### GIVEN ENTRIES
definition algebraically_reflexive :: "('a::real_normed_vector \<Rightarrow> 'y::real_normed_vector) set \<Rightarrow> bool" where
  "algebraically_reflexive S \<longleftrightarrow> reflexive_closure S \<subseteq> S"

definition annihilator :: "('x::zero \<Rightarrow> 'a \<Rightarrow> 'x) \<Rightarrow> 'x \<Rightarrow> 'a set" where
  "annihilator act x = {a. act x a = 0}"

end

theory Submission
  imports Defs
begin

text \<open>A bounded functional \<open>f\<close> on \<open>X\<close> induces a right module map \<open>X \<rightarrow> A\<^sup>*\<close>,
\<open>x \<mapsto> (b \<mapsto> f (x \<cdot> b))\<close>. Composed with it, \<open>T\<close> becomes a pointwise limit of left
\<open>n\<close>-multipliers into \<open>A\<^sup>*\<close>, so by algebraic reflexivity it is one. The defect
\<open>T(a\<^sub>1\<cdots>a\<^sub>n) - T(a\<^sub>1\<cdots>a\<^sub>n\<^sub>-\<^sub>1)\<cdot>a\<^sub>n\<close> is therefore killed by every \<open>f (\<cdot> b)\<close>;
by Hahn--Banach it annihilates \<open>A\<close>, hence it vanishes.\<close>

text \<open>Partial norm-dominated functionals are encoded by their graphs; single-valuedness
is automatic.\<close>

definition norm_dominated_graph :: "('x::real_normed_vector \<times> real) set \<Rightarrow> bool" where
  "norm_dominated_graph G \<longleftrightarrow>
     (\<forall>x a y b. (x, a) \<in> G \<longrightarrow> (y, b) \<in> G \<longrightarrow> (x + y, a + b) \<in> G) \<and>
     (\<forall>x a r. (x, a) \<in> G \<longrightarrow> (r *\<^sub>R x, r * a) \<in> G) \<and>
     (\<forall>x a. (x, a) \<in> G \<longrightarrow> a \<le> norm x)"

lemma norm_dominated_graphD:
  assumes "norm_dominated_graph G"
  shows norm_dominated_graph_add: "(x, a) \<in> G \<Longrightarrow> (y, b) \<in> G \<Longrightarrow> (x + y, a + b) \<in> G"
    and norm_dominated_graph_scaleR: "(x, a) \<in> G \<Longrightarrow> (r *\<^sub>R x, r * a) \<in> G"
    and norm_dominated_graph_le_norm: "(x, a) \<in> G \<Longrightarrow> a \<le> norm x"
  using assms unfolding norm_dominated_graph_def by blast+

lemma norm_dominated_graph_single_valued:
  assumes G: "norm_dominated_graph G" and "(x, a) \<in> G" "(x, b) \<in> G"
  shows "a = b"
proof -
  have "a - b \<le> 0" if "(x, a) \<in> G" "(x, b) \<in> G" for a b
    using norm_dominated_graph_le_norm[OF G norm_dominated_graph_add[OF G that(1)
            norm_dominated_graph_scaleR[OF G that(2), of "-1"]]]
    by simp
  from this[OF assms(2,3)] this[OF assms(3,2)] show ?thesis by simp
qed

lemma norm_dominated_graph_line:
  "norm_dominated_graph (range (\<lambda>t. (t *\<^sub>R d, t * norm d)))"
proof -
  have "t * norm d \<le> norm (t *\<^sub>R d)" for t
    by (simp add: mult_right_mono)
  moreover have "(s *\<^sub>R d + t *\<^sub>R d, s * norm d + t * norm d) = ((s + t) *\<^sub>R d, (s + t) * norm d)"
    and "(r *\<^sub>R t *\<^sub>R d, r * (t * norm d)) = ((r * t) *\<^sub>R d, (r * t) * norm d)" for r s t
    by (simp_all add: algebra_simps)
  ultimately show ?thesis
    unfolding norm_dominated_graph_def by (auto simp del: scaleR_scaleR)
qed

### HOW TO COMPLETE THIS TASK
Each line above with the string "assms" should be reported in full.

### EXERCISE SOLUTION
  using assms unfolding norm_dominated_graph_def by blast+
  from this[OF assms(2,3)] this[OF assms(3,2)] show ?thesis by simp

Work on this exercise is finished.